China fetes Zimbabwean kids for Day of the African Child

Abel Karowangoro and Tichaona Zindoga
The Embassy of China on Wednesday threw a party for Zimbabwean children from three local schools to mark the Day of the African Child, which falls on June 16.


The Day of the African Child is a United Nations-recognised commemoration in remembrance of the Soweto Uprising in 1976, when black students in apartheid South Africa protested against education injustice and inequality of the white-supremacist regime. The day is celebrated on June 16 every year since 1991 and is an opportunity to reflect on the rights of the African child and the challenges that children in Africa face on a daily basis.


And on Wednesday, the spouse of Chinese Ambassador to Zimbabwe, Mr Zhou Ding, Madame Lyu Renhong entertained learners from Harare’s primary schools, namely Wise Owl, Masaisai and Gateway in an “Open House” event. The schools are public and privately-owned, representing different social backgrounds.


The afternoon began with a tour of the Embassy, with officials explaining various features, facilities and fixtures in the complex, including pictures and cultural artefacts on display. The officials also explained the history of China-Zimbabwe relations.

An official, Mr James Mutero, takes learners on a tour of Chinese Embassy’s special guest room

A cultural exchange session saw performances from the two sides with a group of young diplomats and Chinese children reenacting a mini opera, while the schools exercised language recitations, songs and marimba music.

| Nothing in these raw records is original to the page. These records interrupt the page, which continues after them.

lemma sum_c_eq_pairing:
  assumes "k \<le> p" "k' \<le> m + n - p" "p \<le> m + n"
  shows "(\<Sum>(i, j)\<in>weight_slice m n p. c m n k i j * c m n k' (m - i) (n - j))
     = pairing m n (fphi m n k (p - k)) (fphi m n k' (m + n - p - k'))"
proof -
  let ?V = "fphi m n k (p - k)" and ?W = "fphi m n k' (m + n - p - k')"
  have support: "i + j = p" if "?V i j \<noteq> 0" for i j
    using homogeneous_fphi[of k "p - k" m n] that assms unfolding homogeneous_def by auto
  have "pairing m n ?V ?W = (\<Sum>(i, j)\<in>weight_slice m n p. ?V i j * ?W (m - i) (n - j))"
    unfolding pairing_def sum.cartesian_product
    by (intro sum.mono_neutral_right) (auto dest: support)
  also have "\<dots> = (\<Sum>(i, j)\<in>weight_slice m n p. c m n k i j * c m n k' (m - i) (n - j))"
    by (intro sum.cong) (auto simp: c_def add_ac)
  finally show ?thesis ..
qed

lemma pairing_fphi_fphi:
  "pairing m n (fphi m n k a) (fphi m n k' b) = pairing m n (phi m n k) (fphi m n k' (a + b))"
  "pairing m n (fphi m n k a) (fphi m n k' b) = pairing m n (fphi m n k (a + b)) (phi m n k')"
  unfolding fphi_def pairing_funpow_fop by (simp_all add: funpow_add add.commute flip: pairing_funpow_fop)

lemma c_orthogonality:
  assumes "k \<le> min m n" "k' \<le> min m n" "max k k' \<le> p" "p \<le> m + n - max k k'"
  shows "(\<Sum>(i, j)\<in>weight_slice m n p. c m n k i j * c m n k' (m - i) (n - j))
     = (-1) ^ k * (if k = k' then 1 else 0) * of_nat (D m n k)"
proof -
  define s where "s = p - k + (m + n - p - k')"
  have bounds: "k \<le> p" "k' \<le> m + n - p" "p \<le> m + n"
    using assms by auto
  have sum_eq: "(\<Sum>(i, j)\<in>weight_slice m n p. c m n k i j * c m n k' (m - i) (n - j))
      = pairing m n (phi m n k) (fphi m n k' s)"
    "(\<Sum>(i, j)\<in>weight_slice m n p. c m n k i j * c m n k' (m - i) (n - j))
      = pairing m n (fphi m n k s) (phi m n k')"
    unfolding sum_c_eq_pairing[OF bounds] s_def by (rule pairing_fphi_fphi)+
  consider "k < k'" | "k' < k" | "k = k'"
    by linarith
  then show ?thesis
  proof cases
    case 1
    then have "fphi m n k' s = (\<lambda>i j. 0)"
      using assms by (intro fphi_beyond_top) (auto simp: s_def)
    with 1 show ?thesis
      by (simp add: sum_eq(1) pairing_def)
  next
    case 2
    then have "fphi m n k s = (\<lambda>i j. 0)"
      using assms by (intro fphi_beyond_top) (auto simp: s_def)
    with 2 show ?thesis
      by (simp add: sum_eq(2) pairing_def)
  next
    case 3
    then have "s = m + n - 2 * k"
      using bounds by (simp add: s_def)
    with 3 assms have "fphi m n k' s = lowest_vec m n k"
      by (simp add: fphi_top)
    then show ?thesis
      unfolding sum_eq(1) using 3 assms by (simp add: pairing_phi_lowest_vec)
  qed
qed

lemma left_inverse_imp_right_inverse:
  fixes M :: "'r \<Rightarrow> 'k \<Rightarrow> 'a::field" and N :: "'k \<Rightarrow> 'r \<Rightarrow> 'a"
  assumes "finite R" "finite K" "card R = card K"
    and left: "\<And>k k'. k \<in> K \<Longrightarrow> k' \<in> K \<Longrightarrow> (\<Sum>r\<in>R. N k r * M r k') = (if k = k' then 1 else 0)"
    and "r \<in> R" "r' \<in> R"
  shows "(\<Sum>k\<in>K. M r k * N k r') = (if r = r' then 1 else 0)"
proof -
  define d where "d = card K"
  obtain f where f: "bij_betw f {0..<d} R"
    using ex_bij_betw_nat_finite[OF assms(1)] assms(3) d_def by auto
  obtain g where g: "bij_betw g {0..<d} K"
    using ex_bij_betw_nat_finite[OF assms(2)] d_def by auto
  define A where "A = mat d d (\<lambda>(a, b). N (g a) (f b))"
  define B where "B = mat d d (\<lambda>(a, b). M (f a) (g b))"
  have "A * B = 1\<^sub>m d"
  proof (rule eq_matI)
    fix a b
    assume "a < dim_row (1\<^sub>m d)" "b < dim_col (1\<^sub>m d)"
    then have ab: "a < d" "b < d" by auto
    have "(A * B) $$ (a, b) = (\<Sum>c\<in>{0..<d}. N (g a) (f c) * M (f c) (g b))"
      using ab by (simp add: A_def B_def scalar_prod_def)
    also have "\<dots> = (\<Sum>r\<in>R. N (g a) r * M r (g b))"
      by (rule sum.reindex_bij_betw[OF f])
    also have "\<dots> = (if g a = g b then 1 else 0)"
      using left g ab by (auto simp: bij_betw_def)
    also have "\<dots> = (if a = b then 1 else 0)"
      using g ab by (auto simp: bij_betw_def inj_on_def)
    finally show "(A * B) $$ (a, b) = 1\<^sub>m d $$ (a, b)"
      using ab by simp
  qed (auto simp: A_def B_def)
  moreover have "A \<in> carrier_mat d d" "B \<in> carrier_mat d d"
    by (auto simp: A_def B_def)
  ultimately have BA: "B * A = 1\<^sub>m d"
    using mat_mult_left_right_inverse by blast
  obtain a where a: "a < d" "f a = r"
    using f \<open>r \<in> R\<close> by (auto simp: bij_betw_def)
  obtain b where b: "b < d" "f b = r'"
    using f \<open>r' \<in> R\<close> by (auto simp: bij_betw_def)
  have "(\<Sum>k\<in>K. M r k * N k r') = (\<Sum>c\<in>{0..<d}. M (f a) (g c) * N (g c) (f b))"
    unfolding a b by (rule sum.reindex_bij_betw[OF g, symmetric])
  also have "\<dots> = (B * A) $$ (a, b)"
    using a b by (simp add: A_def B_def scalar_prod_def)
  also have "\<dots> = (if a = b then 1 else 0)"
    unfolding BA using a b by simp
  also have "\<dots> = (if r = r' then 1 else 0)"
    using a b f by (auto simp: bij_betw_def inj_on_def)
  finally show ?thesis .
qed

lemma unique_expansion_coefficients:
  fixes M :: "'r \<Rightarrow> 'k \<Rightarrow> 'a::comm_ring_1" and N :: "'k \<Rightarrow> 'r \<Rightarrow> 'a"
  assumes "finite R" "finite K"
    and left: "\<And>k k'. k \<in> K \<Longrightarrow> k' \<in> K \<Longrightarrow> (\<Sum>r\<in>R. N k r * M r k') = (if k = k' then 1 else 0)"
    and right: "\<And>r r'. r \<in> R \<Longrightarrow> r' \<in> R \<Longrightarrow> (\<Sum>k\<in>K. M r k * N k r') = (if r = r' then 1 else 0)"
    and "r\<^sub>0 \<in> R"
  shows "(\<forall>r\<in>R. (\<Sum>k\<in>K. g k * M r k) = (if r = r\<^sub>0 then 1 else 0)) \<longleftrightarrow> (\<forall>k\<in>K. g k = N k r\<^sub>0)"
proof
  assume expansion: "\<forall>r\<in>R. (\<Sum>k\<in>K. g k * M r k) = (if r = r\<^sub>0 then 1 else 0)"
  show "\<forall>k\<in>K. g k = N k r\<^sub>0"
  proof
    fix k
    assume "k \<in> K"
    have "N k r\<^sub>0 = (\<Sum>r\<in>R. N k r * (if r = r\<^sub>0 then 1 else 0))"
      using assms(1,5) by (simp add: if_distrib sum.delta cong: if_cong)
    also have "\<dots> = (\<Sum>r\<in>R. N k r * (\<Sum>k'\<in>K. g k' * M r k'))"
      using expansion by simp
    also have "\<dots> = (\<Sum>k'\<in>K. g k' * (\<Sum>r\<in>R. N k r * M r k'))"
      by (simp add: sum_distrib_left mult_ac sum.swap[of _ K])
    also have "\<dots> = g k"
      using \<open>k \<in> K\<close> assms(2) by (simp add: left if_distrib sum.delta cong: if_cong)
    finally show "g k = N k r\<^sub>0" ..
  qed
next
  assume "\<forall>k\<in>K. g k = N k r\<^sub>0"
  then show "\<forall>r\<in>R. (\<Sum>k\<in>K. g k * M r k) = (if r = r\<^sub>0 then 1 else 0)"
    using right \<open>r\<^sub>0 \<in> R\<close> by (simp add: mult.commute)
qed

lemma card_weight_slice:
  assumes "p \<le> m + n"
  shows "card (weight_slice m n p) = card (Kset m n p)"
proof -
  have "weight_slice m n p = (\<lambda>i. (i, p - i)) ` {p - n .. min m p}"
  proof (intro equalityI subsetI)
    fix x
    assume "x \<in> weight_slice m n p"
    then obtain i j where "x = (i, j)" "i + j = p" "i \<le> m" "j \<le> n"
      by blast
    then show "x \<in> (\<lambda>i. (i, p - i)) ` {p - n .. min m p}"
      by (intro image_eqI[of _ _ i]) auto
  next
    fix x
    assume "x \<in> (\<lambda>i. (i, p - i)) ` {p - n .. min m p}"
    then obtain i where "x = (i, p - i)" "p - n \<le> i" "i \<le> m" "i \<le> p"
      by auto
    then show "x \<in> weight_slice m n p"
      by simp
  qed
  moreover have "inj_on (\<lambda>i. (i, p - i)) A" for A :: "nat set"
    by (auto simp: inj_on_def)
  moreover have "Kset m n p = {..min (min m n) (min p (m + n - p))}"
    using assms by (auto simp: Kset_def)
  moreover have "Suc (min m p) - (p - n) = Suc (min (min m n) (min p (m + n - p)))"
    using assms unfolding min_def by (simp split: if_split; linarith)
  ultimately show ?thesis
    by (simp add: card_image)
qed

lemma finite_weight_slice: "finite (weight_slice m n p)"
  by (rule finite_subset[of _ "{..m} \<times> {..n}"]) auto

lemma finite_Kset: "finite (Kset m n p)"
  by (rule finite_subset[of _ "{..m}"]) (auto simp: Kset_def)

lemma Kset_complement: "p \<le> m + n \<Longrightarrow> Kset m n (m + n - p) = Kset m n p"
  unfolding Kset_def by auto

lemma D_ne_zero: "k \<le> min m n \<Longrightarrow> D m n k \<noteq> 0"
  unfolding D_def by auto

lemma c_dual_orthogonality:
  assumes "p \<le> m + n" "k \<in> Kset m n p" "k' \<in> Kset m n p"
  shows "(\<Sum>r\<in>weight_slice m n p.
      ((-1) ^ k * c m n k (m - fst r) (n - snd r) / of_nat (D m n k)) * c m n k' (fst r) (snd r))
    = (if k = k' then 1 else 0)"
proof -
  have bounds: "k' \<le> min m n" "k \<le> min m n" "max k' k \<le> p" "p \<le> m + n - max k' k"
    using assms by (auto simp: Kset_def)
  have "(\<Sum>r\<in>weight_slice m n p.
      ((-1) ^ k * c m n k (m - fst r) (n - snd r) / of_nat (D m n k)) * c m n k' (fst r) (snd r))
    = (-1) ^ k / of_nat (D m n k) *
      (\<Sum>(i, j)\<in>weight_slice m n p. c m n k' i j * c m n k (m - i) (n - j))"
    by (simp add: sum_distrib_left split_def algebra_simps)
  also have "\<dots> = (-1) ^ k / of_nat (D m n k) * ((-1) ^ k' * (if k' = k then 1 else 0) * of_nat (D m n k'))"
    by (simp add: c_orthogonality[OF bounds])
  also have "\<dots> = (if k = k' then 1 else 0)"
    using D_ne_zero[OF bounds(2)] by (cases "k = k'") (simp_all flip: power_mult_distrib)
  finally show ?thesis .
qed

lemma c_completeness:
  assumes "p \<le> m + n"
    and "(i, j) \<in> weight_slice m n p" "(i', j') \<in> weight_slice m n p"
  shows "(\<Sum>k\<in>Kset m n p. c m n k i j * ((-1) ^ k * c m n k (m - i') (n - j') / of_nat (D m n k)))
    = (if (i, j) = (i', j') then 1 else 0)"
  using left_inverse_imp_right_inverse[OF finite_weight_slice finite_Kset card_weight_slice[OF assms(1)]
      c_dual_orthogonality[OF assms(1)] assms(2,3)]
  by simp

lemma CGvec_eq:
  assumes "i \<le> m" "j \<le> n"
  shows "CGvec m n i j = (\<lambda>k. if k \<in> Kset m n (i + j)
      then (-1) ^ k * c m n k (m - i) (n - j) / of_nat (D m n k) else 0)"
proof -
  define p where "p = i + j"
  define R where "R = weight_slice m n p"
  define K where "K = Kset m n p"
  define M where "M r k = c m n k (fst r) (snd r)" for r k
  define N where "N k r = (-1) ^ k * c m n k (m - fst r) (n - snd r) / of_nat (D m n k)" for k r
  have "(i, j) \<in> R"
    using assms by (simp add: R_def p_def)
  have p: "p \<le> m + n"
    using assms by (simp add: p_def)
  have left: "(\<Sum>r\<in>R. N k r * M r k') = (if k = k' then 1 else 0)" if "k \<in> K" "k' \<in> K" for k k'
    using c_dual_orthogonality[OF p] that unfolding R_def K_def M_def N_def by blast
  have right: "(\<Sum>k\<in>K. M r k * N k r') = (if r = r' then 1 else 0)" if "r \<in> R" "r' \<in> R" for r r'
    using c_completeness[OF p, of "fst r" "snd r" "fst r'" "snd r'"] that
    unfolding R_def K_def M_def N_def by (simp add: prod_eq_iff split_beta)
  have unique: "(\<forall>r\<in>R. (\<Sum>k\<in>K. g k * M r k) = (if r = (i, j) then 1 else 0))
      \<longleftrightarrow> (\<forall>k\<in>K. g k = N k (i, j))" for g
    using finite_weight_slice finite_Kset left right \<open>(i, j) \<in> R\<close> unfolding R_def K_def
    by (rule unique_expansion_coefficients)
  have "fphi m n k (p - k) a b = (if (a, b) \<in> R then M (a, b) k else 0)" if "k \<in> K" for k a b
    using homogeneous_fphi[of k "p - k" m n] that
    by (auto simp: homogeneous_def R_def K_def Kset_def M_def c_def)
  then have entry: "(\<Sum>k\<in>K. g k * fphi m n k (p - k) a b) = (if (a, b) \<in> R then \<Sum>k\<in>K. g k * M (a, b) k else 0)"
    for g a b
    by (cases "(a, b) \<in> R") simp_all
  have expansion: "(\<lambda>a b. if a = i \<and> b = j then 1 else 0) = (\<lambda>a b. \<Sum>k\<in>K. g k * fphi m n k (p - k) a b)
      \<longleftrightarrow> (\<forall>r\<in>R. (\<Sum>k\<in>K. g k * M r k) = (if r = (i, j) then 1 else 0))" for g
    using \<open>(i, j) \<in> R\<close> by (auto simp: fun_eq_iff entry)
  have "CGvec m n i j = (THE g. g = (\<lambda>k. if k \<in> K then N k (i, j) else 0))"
    unfolding CGvec_def p_def[symmetric] K_def[symmetric] expansion unique
    by (metis (no_types, opaque_lifting))
  also have "\<dots> = (\<lambda>k. if k \<in> K then N k (i, j) else 0)"
    by simp
  finally show ?thesis
    unfolding K_def N_def p_def fst_conv snd_conv .
qed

The young Zimbabweans and their teachers also enjoyed Chinese cuisine in a fulfilling day, which offered a glimpse into the future of Zimbabwd-China relations, with a number of children showing excellent enthusiasm to know more about China and its culture.
Addressing the participants, Madame Lyu said: “Your presence here today is a testament to the enduring spirit of friendship and cooperation between China and Zimbabwe.”
“We are delighted to extend our warmest hospitality to each and every one of you,” she said.

She praised the Zimbabwean children’s “enthusiasm, warmth, and talent” and encouraged those learning Chinese to “continue your studies diligently and become proud ambassadors of the China-Zimbabwe friendship.”

She reiterated China’s commitment to supporting Zimbabwean children’s development through various initiatives, saying, “We are committed to supporting Zimbabwean children in every way possible, whether through school construction, educational programs, cultural exchanges, or humanitarian assistance.”

Masaisai Primary School marimba band give guests a number

The event aimed to foster cultural understanding and friendship between China and Zimbabwe, showcasing the embassy’s dedication to the well-being of Zimbabwean children. Gateway Primary School senior teacher Mrs Stella Mutsaka told Review & Mail that the school had been inspired to introduce Chinese language learning via a club, something that is being done by Wise Owl.
“At Gateway we are not currently teaching Chinese Language from this event we are not interested to start having Chinese lessons,” she said. “Our High School has been learning it so it’s not going to be hard for us to adapt.
“We are looking forward to introduce Chinese Language to Gateway Schools,” Mrs Mutsaka said.

Young Chinese diplomats and children perform a cultural activity to entertain guests

An Embassy official, James Mutero, who took the children on tour of the compound, said this was the first time to have schools tour – and the exercise promised to bear fruit in opening the minds of Zimbabwean children to China.


The Embassy has just begun undertaking a series of charitable activities assisting Zimbabwean youths and vulnerable children under an initiative called Hope Harbour and recently made donations to Dzikwa Trust in Dzivarasekwa township in the capital, Harare.